lemma eigenvalue_blocks_iff:
  fixes A :: "'a :: comm_ring_1 mat"
  assumes A: "A \<in> carrier_mat (d * n) (d * n)"
  shows "eigenvalue A k \<longleftrightarrow> (\<exists>x. (\<exists>i<d. \<exists>p<n. x i p \<noteq> 0) \<and>
           (\<forall>i<d. \<forall>p<n. (\<Sum>j<d. \<Sum>q<n. A $$ (i * n + p, j * n + q) * x j q) = k * x i p))"
    (is "_ \<longleftrightarrow> (\<exists>x. ?nonzero x \<and> ?eq x)")
proof
  assume "eigenvalue A k"
  then obtain v where v: "v \<in> carrier_vec (d * n)" "v \<noteq> 0\<^sub>v (d * n)" "A *\<^sub>v v = k \<cdot>\<^sub>v v"
    using A unfolding eigenvalue_def eigenvector_def by auto
  define x where "x j q = v $ (j * n + q)" for j q
  have eq: "?eq x"
  proof (intro allI impI)
    fix i p assume "i < d" "p < n"
    then have a: "i * n + p < d * n" by (rule block_index_less)
    then show "(\<Sum>j<d. \<Sum>q<n. A $$ (i * n + p, j * n + q) * x j q) = k * x i p"
      using v(1,3) mult_mat_vec_blocks[OF A v(1) a] by (simp add: x_def)
  qed
  obtain a where a: "a < d * n" "v $ a \<noteq> 0"
    using v(1,2) by (metis eq_vecI carrier_vecD index_zero_vec(1,2))
  then have "0 < n" by (cases n) auto
  with a have "a div n < d" "a mod n < n" "x (a div n) (a mod n) \<noteq> 0"
    by (auto simp: x_def less_mult_imp_div_less)
  then have "?nonzero x" by blast
  with eq show "\<exists>x. ?nonzero x \<and> ?eq x" by blast
next
  assume "\<exists>x. ?nonzero x \<and> ?eq x"
  then obtain x i p where x: "i < d" "p < n" "x i p \<noteq> 0" "?eq x" by blast
  define v where "v = vec (d * n) (\<lambda>a. x (a div n) (a mod n))"
  have v: "v \<in> carrier_vec (d * n)" by (simp add: v_def)
  have v_block: "v $ (j * n + q) = x j q" if "j < d" "q < n" for j q
    using block_index_less[OF that] that by (simp add: v_def)
  have "v \<noteq> 0\<^sub>v (d * n)"
    using x block_index_less[OF x(1,2)] v_block[OF x(1,2)] by auto
  moreover have "A *\<^sub>v v = k \<cdot>\<^sub>v v"
  proof (rule eq_vecI)
    fix a assume "a < dim_vec (k \<cdot>\<^sub>v v)"
    then have a: "a < d * n" by (simp add: v_def)
    then have n: "0 < n" by (cases n) auto
    have ip: "a div n < d" "a mod n < n" using a n by (auto simp: less_mult_imp_div_less)
    have "(A *\<^sub>v v) $ a = (\<Sum>j<d. \<Sum>q<n. A $$ (a div n * n + a mod n, j * n + q) * x j q)"
      unfolding mult_mat_vec_blocks[OF A v a] by (auto simp: v_block intro!: sum.cong)
    also have "\<dots> = k * x (a div n) (a mod n)"
      using x(4)[rule_format, OF ip] by simp
    finally show "(A *\<^sub>v v) $ a = (k \<cdot>\<^sub>v v) $ a" using a by (simp add: v_def)
  qed (use A in \<open>simp add: v_def\<close>)
  ultimately show "eigenvalue A k"
    using A v unfolding eigenvalue_def eigenvector_def by (metis carrier_matD(1))
qed

lemma Max_norm_eq_Max_insert_zero:
  fixes S :: "'a :: real_normed_vector set"
  assumes "finite S" "S \<noteq> {}"
  shows "Max (norm ` S) = Max (insert 0 (norm ` (S - {0})))"
proof -
  have "0 \<le> Max (norm ` S)"
    using assms by (auto simp: Max_ge_iff)
  moreover have "insert 0 (norm ` (S - {0})) = insert 0 (norm ` S)" by auto
  ultimately show ?thesis using assms by (simp add: max_def)
qed

lemma spectral_radius_eq_if_nonzero_spectrum_eq:
  assumes A: "A \<in> carrier_mat N N" and A': "A' \<in> carrier_mat N N"
    and spec: "spectrum A - {0} = spectrum A' - {0}"
  shows "spectral_radius A = spectral_radius A'"
proof (cases "N = 0")
  case True
  then have "A = A'" using A A' by (intro eq_matI) auto
  then show ?thesis by simp
next
  case False
  then have "spectrum A \<noteq> {}" "spectrum A' \<noteq> {}"
    using spectrum_non_empty A A' by auto
  with card_finite_spectrum(1)[OF A] card_finite_spectrum(1)[OF A'] spec show ?thesis
    unfolding spectral_radius_def by (simp add: Max_norm_eq_Max_insert_zero)
qed

lemma nonzero_eigenvalues_eq_spectrum:
  "nonzero_eigenvalues A = spectrum (map_mat complex_of_real A) - {0}"
  by (auto simp: nonzero_eigenvalues_def spectrum_def)

lemma blockL_carrier [simp]: "blockL n Bs \<in> carrier_mat (length Bs * n) (length Bs * n)"
  by (simp add: blockL_def)

lemma blockU_carrier [simp]: "blockU n Bs \<in> carrier_mat (length Bs * n) (length Bs * n)"
  by (simp add: blockU_def)

lemma det_one_minus_blockL: "det (1\<^sub>m (length Bs * n) - blockL n Bs) = 1"
proof -
  define N where "N = length Bs * n"
  define M where "M = 1\<^sub>m N - blockL n Bs"
  have M: "M \<in> carrier_mat N N" unfolding M_def N_def by (rule minus_carrier_mat) simp
  have upper_zero: "M $$ (i, j) = 0" if "i < j" "j < N" for i j
  proof -
    have "i div n \<le> j div n" using that by (intro div_le_mono) simp
    then show ?thesis using that by (simp add: M_def N_def blockL_def)
  qed
  have "diag_mat M = replicate N 1"
    by (rule nth_equalityI) (auto simp: diag_mat_def M_def N_def blockL_def)
  then show ?thesis
    using det_lower_triangular[OF upper_zero M] by (simp add: M_def N_def)
qed

lemma mat_inverse_one_minus_blockL:
  obtains Mi where "mat_inverse (1\<^sub>m (length Bs * n) - blockL n Bs) = Some Mi"
    and "(1\<^sub>m (length Bs * n) - blockL n Bs) * Mi = 1\<^sub>m (length Bs * n)"
    and "Mi * (1\<^sub>m (length Bs * n) - blockL n Bs) = 1\<^sub>m (length Bs * n)"
    and "Mi \<in> carrier_mat (length Bs * n) (length Bs * n)"
proof -
  define N where "N = length Bs * n"
  define M where "M = 1\<^sub>m N - blockL n Bs"
  have M: "M \<in> carrier_mat N N" unfolding M_def N_def by (rule minus_carrier_mat) simp
  have "M \<in> Units (ring_mat TYPE(real) N ())"
    using det_non_zero_imp_unit[OF M] det_one_minus_blockL by (simp add: M_def N_def)
  then obtain Mi where "mat_inverse M = Some Mi"
    using mat_inverse(1)[OF M] by fastforce
  with mat_inverse(2)[OF M this] that show ?thesis by (simp add: M_def N_def)
qed

lemma iter_mat_carrier: "iter_mat n Bs \<in> carrier_mat (length Bs * n) (length Bs * n)"
proof -
  obtain Mi where "mat_inverse (1\<^sub>m (length Bs * n) - blockL n Bs) = Some Mi"
    and "Mi \<in> carrier_mat (length Bs * n) (length Bs * n)"
    by (rule mat_inverse_one_minus_blockL)
  then show ?thesis by (simp add: iter_mat_def)
qed

definition pencil_mat :: "nat \<Rightarrow> real mat list \<Rightarrow> complex \<Rightarrow> complex mat" where
  "pencil_mat n Bs k =
     map_mat complex_of_real (blockU n Bs) + k \<cdot>\<^sub>m map_mat complex_of_real (blockL n Bs)"
(* Consider the P-SSD algorithm described in the context, executed over an arbitrary, possibly time-varying, sequence of digraphs $\{G_k\}_{k\ge1}$. Then at each iteration $k\in\mathbb{N}$, $\mathcal{R}(C_k^i)\subseteq\mathcal{R}(C_{k-1}^j)$ for all $i\in\{1,\dots,M\}$ and all $j\in\{i\}\cup\mathcal{N}_{\mathrm{in}}^k(i)$.
   Context: Data setting: a map $T:\mathcal{M}\to\mathcal{M}$, $\mathcal{M}\subseteq\mathbb{R}^n$; a dictionary $D(x)=[d_1(x),\dots,d_{N_d}(x)]$ of real-valued functions on $\mathcal{M}$; data matrices $X,Y\in\mathbb{R}^{N\times n}$ whose $i$-th rows $x_i^T,y_i^T$ satisfy $y_i=T(x_i)$; $D(X)\in\mathbb{R}^{N\times N_d}$ is the matrix with rows $D(x_1),\dots,D(x_N)$ (similarly $D(Y)$). Assumption: $D(X)$ and $D(Y)$ have full column rank. There are $M$ agents; agent $i$ holds local dictionary snapshots $D(X_i),D(Y_i)$ (obtained from a subset of the snapshot pairs) such that the union over $i$ of the rows of $[D(X_i),D(Y_i)]$ equals the set of rows of $[D(X),D(Y)]$. There are signature matrices $D(X_s),D(Y_s)$ with full column rank such that the rows of $[D(X_s),D(Y_s)]$ are contained in the rows of $[D(X_i),D(Y_i)]$ for every $i$. SSD algorithm: given $A,B\in\mathbb{R}^{m\times q}$, set $A_1=A$, $B_1=B$, $C=I_q$, and iterate: let $[Z^A_j;Z^B_j]$ be a matrix whose columns form a basis of the null space of $[A_j,B_j]$ (with $Z^A_j$ having as many rows as $A_j$ has columns); if the null space is trivial return $0$; if the number of rows of $Z^A_j$ is at most its number of columns, return $C$; otherwise set $C\leftarrow CZ^A_j$, $A_{j+1}=A_jZ^A_j$, $B_{j+1}=B_jZ^A_j$. Its output is denoted $\mathrm{SSD}(A,B)$. P-SSD algorithm: at iteration $k\ge1$ the digraph $G_k$ is used; an edge $(j,i)\in E_k$ means $j$ is an in-neighbor of $i$, and $\mathcal{N}_{\mathrm{in}}^k(i)$ denotes the in-neighbors of $i$ in $G_k$. Each agent $i$ sets $C_0^i=I_{N_d}$, $\mathrm{flag}_0^i=0$, and for $k=1,2,\dots$: receives $C_{k-1}^j$ for $j\in\mathcal{N}_{\mathrm{in}}^k(i)$; sets $D_k^i=\mathrm{basis}\big(\bigcap_{j\in\{i\}\cup\mathcal{N}_{\mathrm{in}}^k(i)}\mathcal{R}(C_{k-1}^j)\big)$; sets $E_k^i=\mathrm{SSD}(D(X_i)D_k^i,D(Y_i)D_k^i)$; if the number of columns of $D_k^iE_k^i$ is strictly less than that of $C_{k-1}^i$, sets $C_k^i=D_k^iE_k^i$ and $\mathrm{flag}_k^i=0$; otherwise sets $C_k^i=C_{k-1}^i$ and $\mathrm{flag}_k^i=1$; then transmits $C_k^i$ to its out-neighbors. Here $\mathrm{basis}(\mathcal{A})$ returns a matrix whose columns form a basis of the subspace $\mathcal{A}$, and returns $0$ if $\mathcal{A}=\{0\}$; the matrix $0$ is regarded as having $0$ columns. $\mathcal{R}(\cdot)$ denotes range space. *)

theory Defs
  imports "Jordan_Normal_Form.Matrix"
begin

text \<open>Matrices of arbitrary (varying) size are Jordan_Normal_Form matrices of type real mat.
  The "zero matrix with 0 columns" of the paper is a matrix with dim_col = 0.\<close>

definition col_range :: "real mat \<Rightarrow> real vec set" where
  "col_range A = {A *\<^sub>v x | x. x \<in> carrier_vec (dim_col A)}"

definition full_col_rank :: "real mat \<Rightarrow> bool" where
  "full_col_rank A \<longleftrightarrow> inj_on (\<lambda>x. A *\<^sub>v x) (carrier_vec (dim_col A))"

text \<open>Z is a (possible output of) basis(S) for a subspace S of R^n: Z has n rows and its
  columns form a basis of S.  For S = {0} this forces Z to have 0 columns.\<close>
definition is_basis_mat :: "nat \<Rightarrow> real vec set \<Rightarrow> real mat \<Rightarrow> bool" where
  "is_basis_mat n S Z \<longleftrightarrow> dim_row Z = n \<and> col_range Z = S \<and> full_col_rank Z"

text \<open>Null space of the block matrix [A, B], its vectors split as pairs (upper part, lower part).\<close>
definition null_pair :: "real mat \<Rightarrow> real mat \<Rightarrow> (real vec \<times> real vec) set" where
  "null_pair A B = {(u, v). u \<in> carrier_vec (dim_col A) \<and> v \<in> carrier_vec (dim_col B) \<and>
      A *\<^sub>v u + B *\<^sub>v v = 0\<^sub>v (dim_row A)}"

definition null_basis :: "real mat \<Rightarrow> real mat \<Rightarrow> real mat \<Rightarrow> real mat \<Rightarrow> bool" where
  "null_basis A B ZA ZB \<longleftrightarrow>
     dim_row ZA = dim_col A \<and> dim_row ZB = dim_col B \<and> dim_col ZA = dim_col ZB \<and>
     (\<lambda>x. (ZA *\<^sub>v x, ZB *\<^sub>v x)) ` carrier_vec (dim_col ZA) = null_pair A B \<and>
     inj_on (\<lambda>x. (ZA *\<^sub>v x, ZB *\<^sub>v x)) (carrier_vec (dim_col ZA))"

text \<open>SSD loop: ssd_loop A B C R means that running the loop from the state (A_j, B_j, C)
  can return R, for some admissible choice of null-space bases.\<close>
inductive ssd_loop :: "real mat \<Rightarrow> real mat \<Rightarrow> real mat \<Rightarrow> real mat \<Rightarrow> bool" where
  trivial: "null_pair A B = {(0\<^sub>v (dim_col A), 0\<^sub>v (dim_col B))} \<Longrightarrow>
      ssd_loop A B C (0\<^sub>m (dim_row C) 0)"
| stop: "null_pair A B \<noteq> {(0\<^sub>v (dim_col A), 0\<^sub>v (dim_col B))} \<Longrightarrow> null_basis A B ZA ZB \<Longrightarrow>
      dim_row ZA \<le> dim_col ZA \<Longrightarrow> ssd_loop A B C C"
| step: "null_pair A B \<noteq> {(0\<^sub>v (dim_col A), 0\<^sub>v (dim_col B))} \<Longrightarrow> null_basis A B ZA ZB \<Longrightarrow>
      \<not> dim_row ZA \<le> dim_col ZA \<Longrightarrow> ssd_loop (A * ZA) (B * ZA) (C * ZA) R \<Longrightarrow>
      ssd_loop A B C R"

definition SSD_out :: "real mat \<Rightarrow> real mat \<Rightarrow> real mat \<Rightarrow> bool" where
  "SSD_out A B E \<longleftrightarrow> ssd_loop A B (1\<^sub>m (dim_col A)) E"

definition rows_pair :: "real mat \<Rightarrow> real mat \<Rightarrow> (real vec \<times> real vec) set" where
  "rows_pair A B = {(row A r, row B r) | r. r < dim_row A}"

text \<open>Agents are 1..M; Nin k i is the set of in-neighbours of agent i in
  the digraph G_k; C k i is the matrix C_k^i.  At each iteration k \<ge> 1, each agent chooses some
  basis D_k^i and some SSD output E_k^i (all admissible choices are allowed).  The flags do not
  influence the matrices C and are omitted.\<close>
definition pssd_exec :: "nat \<Rightarrow> nat \<Rightarrow> (nat \<Rightarrow> real mat) \<Rightarrow> (nat \<Rightarrow> real mat) \<Rightarrow>
    (nat \<Rightarrow> nat \<Rightarrow> nat set) \<Rightarrow> (nat \<Rightarrow> nat \<Rightarrow> real mat) \<Rightarrow> bool" where
  "pssd_exec M Nd DXl DYl Nin C \<longleftrightarrow>
     (\<forall>i\<in>{1..M}. C 0 i = 1\<^sub>m Nd) \<and>
     (\<forall>k\<ge>1. \<forall>i\<in>{1..M}. \<exists>Dk Ek.
        is_basis_mat Nd (\<Inter>j\<in>insert i (Nin k i). col_range (C (k - 1) j)) Dk \<and>
        SSD_out (DXl i * Dk) (DYl i * Dk) Ek \<and>
        C k i = (if dim_col (Dk * Ek) < dim_col (C (k - 1) i) then Dk * Ek else C (k - 1) i))"

end

(* The new C_k^i is either D_k^i E_k^i, whose range lies in R(D_k^i), the intersection of the
   ranges R(C_{k-1}^j), or the old C_{k-1}^i, which is kept only when D_k^i E_k^i has at least as
   many columns.  D_k^i E_k^i has full column rank: D(Y_i) contains the rows of D(Y_s), so it has
   full column rank, and then every SSD step multiplies by the injective upper block of a
   null-space basis.  A full-rank matrix whose range lies in R(C_{k-1}^i) and which has at least as
   many columns as C_{k-1}^i has the same range, so in both cases R(C_k^i) is contained in the
   intersection. *)

theory Submission
  imports Defs "Jordan_Normal_Form.Determinant"
begin

lemma assoc_mult_mat_vec_dim:
  assumes "dim_row B = dim_col A" "x \<in> carrier_vec (dim_col B)"
  shows "(A * B) *\<^sub>v x = A *\<^sub>v (B *\<^sub>v x)"
  by (rule assoc_mult_mat_vec[of _ "dim_row A" "dim_col A" _ "dim_col B"]) (use assms in auto)

lemma col_range_mult_subset:
  assumes "dim_row B = dim_col A"
  shows "col_range (A * B) \<subseteq> col_range A"
proof
  fix w assume "w \<in> col_range (A * B)"
  then obtain x where x: "x \<in> carrier_vec (dim_col B)" and w: "w = (A * B) *\<^sub>v x"
    unfolding col_range_def by auto
  have "w = A *\<^sub>v (B *\<^sub>v x)" using w x assms by (simp add: assoc_mult_mat_vec_dim)
  moreover have "B *\<^sub>v x \<in> carrier_vec (dim_col A)" by (rule carrier_vecI) (simp add: assms)
  ultimately show "w \<in> col_range A" unfolding col_range_def by blast
qed

lemma full_col_rank_kernel_zero:
  assumes "full_col_rank A" "x \<in> carrier_vec (dim_col A)" "A *\<^sub>v x = 0\<^sub>v (dim_row A)"
  shows "x = 0\<^sub>v (dim_col A)"
proof -
  have "A *\<^sub>v x = A *\<^sub>v 0\<^sub>v (dim_col A)" using assms(3) by auto
  then show ?thesis
    by (rule inj_onD[OF assms(1)[unfolded full_col_rank_def]]) (use assms(2) in auto)
qed

lemma full_col_rank_mult:
  assumes A: "full_col_rank A" and B: "full_col_rank B" and dims: "dim_row B = dim_col A"
  shows "full_col_rank (A * B)"
  unfolding full_col_rank_def
proof (rule inj_onI)
  fix x y assume x: "x \<in> carrier_vec (dim_col (A * B))" and y: "y \<in> carrier_vec (dim_col (A * B))"
    and eq: "(A * B) *\<^sub>v x = (A * B) *\<^sub>v y"
  have "A *\<^sub>v (B *\<^sub>v x) = A *\<^sub>v (B *\<^sub>v y)"
    using eq x y dims by (simp add: assoc_mult_mat_vec_dim)
  then have "B *\<^sub>v x = B *\<^sub>v y"
    by (rule inj_onD[OF A[unfolded full_col_rank_def]]) (simp_all add: carrier_vecI dims)
  then show "x = y"
    by (rule inj_onD[OF B[unfolded full_col_rank_def]]) (use x y in auto)
qed

lemma full_col_rank_mult_right:
  assumes AB: "full_col_rank (A * B)" and dims: "dim_row B = dim_col A"
  shows "full_col_rank B"
  unfolding full_col_rank_def
proof (rule inj_onI)
  fix x y assume x: "x \<in> carrier_vec (dim_col B)" and y: "y \<in> carrier_vec (dim_col B)"
    and eq: "B *\<^sub>v x = B *\<^sub>v y"
  have "(A * B) *\<^sub>v x = (A * B) *\<^sub>v y"
    using eq x y dims by (simp add: assoc_mult_mat_vec_dim)
  then show "x = y"
    by (rule inj_onD[OF AB[unfolded full_col_rank_def]]) (use x y in auto)
qed

lemma full_col_rank_if_rows_subset:
  assumes rows: "row A ` {..<dim_row A} \<subseteq> row B ` {..<dim_row B}"
    and cols: "dim_col A = dim_col B" and rank: "full_col_rank A"
  shows "full_col_rank B"
  unfolding full_col_rank_def
proof (rule inj_onI)
  fix x y assume x: "x \<in> carrier_vec (dim_col B)" and y: "y \<in> carrier_vec (dim_col B)"
    and eq: "B *\<^sub>v x = B *\<^sub>v y"
  have "A *\<^sub>v x = A *\<^sub>v y"
  proof (rule eq_vecI)
    fix r assume "r < dim_vec (A *\<^sub>v y)"
    then obtain r' where r': "r' < dim_row B" "row A r = row B r'" and r: "r < dim_row A"
      using rows by auto
    have "(B *\<^sub>v x) $ r' = (B *\<^sub>v y) $ r'" using eq by simp
    then show "(A *\<^sub>v x) $ r = (A *\<^sub>v y) $ r" using r r' by simp
  qed simp
  then show "x = y"
    by (rule inj_onD[OF rank[unfolded full_col_rank_def]]) (use x y cols in simp_all)
qed

lemma snd_rows_pair:
  assumes "dim_row A = dim_row B"
  shows "snd ` rows_pair A B = row B ` {..<dim_row B}"
  using assms unfolding rows_pair_def by force

lemma full_col_rank_if_rows_pair_subset:
  assumes sub: "rows_pair A B \<subseteq> rows_pair A' B'"
    and rows: "dim_row A = dim_row B" "dim_row A' = dim_row B'"
    and cols: "dim_col B = dim_col B'" and rank: "full_col_rank B"
  shows "full_col_rank B'"
proof -
  have "snd ` rows_pair A B \<subseteq> snd ` rows_pair A' B'" using sub by (rule image_mono)
  then have "row B ` {..<dim_row B} \<subseteq> row B' ` {..<dim_row B'}"
    by (simp only: snd_rows_pair rows)
  then show ?thesis using cols rank by (rule full_col_rank_if_rows_subset)
qed

lemma col_range_subset_imp_factor:
  assumes sub: "col_range D \<subseteq> col_range C"
  obtains Y where "Y \<in> carrier_mat (dim_col C) (dim_col D)" "D = C * Y"
proof -
  have "\<exists>y. y \<in> carrier_vec (dim_col C) \<and> C *\<^sub>v y = D *\<^sub>v unit_vec (dim_col D) l" for l
  proof -
    have "D *\<^sub>v unit_vec (dim_col D) l \<in> col_range D" unfolding col_range_def by auto
    then have "D *\<^sub>v unit_vec (dim_col D) l \<in> col_range C" using sub by blast
    then show ?thesis unfolding col_range_def by force
  qed
  then obtain y where y: "\<And>l. y l \<in> carrier_vec (dim_col C)"
    "\<And>l. C *\<^sub>v y l = D *\<^sub>v unit_vec (dim_col D) l"
    by (metis (full_types))
  have "D *\<^sub>v 0\<^sub>v (dim_col D) \<in> col_range D" unfolding col_range_def by auto
  then have "D *\<^sub>v 0\<^sub>v (dim_col D) \<in> col_range C" using sub by blast
  then have rows: "dim_row D = dim_row C"
    unfolding col_range_def by (auto dest: arg_cong[of _ _ dim_vec])
  define Y where "Y = mat (dim_col C) (dim_col D) (\<lambda>(i, l). y l $ i)"
  have "D = C * Y"
  proof (rule eq_matI)
    fix i l assume i: "i < dim_row (C * Y)" and l: "l < dim_col (C * Y)"
    have "col Y l = y l"
      by (rule eq_vecI) (use y(1)[of l] l in \<open>auto simp: Y_def\<close>)
    then have "(C * Y) $$ (i, l) = (C *\<^sub>v y l) $ i" using i l by (simp add: Y_def)
    also have "\<dots> = D $$ (i, l)" using y(2) i l rows by (simp add: Y_def)
    finally show "D $$ (i, l) = (C * Y) $$ (i, l)" by simp
  qed (simp_all add: Y_def rows)
  moreover have "Y \<in> carrier_mat (dim_col C) (dim_col D)" by (simp add: Y_def)
  ultimately show thesis using that by blast
qed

YOUR TASK –
Sift through the entries and copy every line with "intersection".

FINISHED EXERCISE –
(* The new C_k^i is either D_k^i E_k^i, whose range lies in R(D_k^i), the intersection of the
   intersection. *)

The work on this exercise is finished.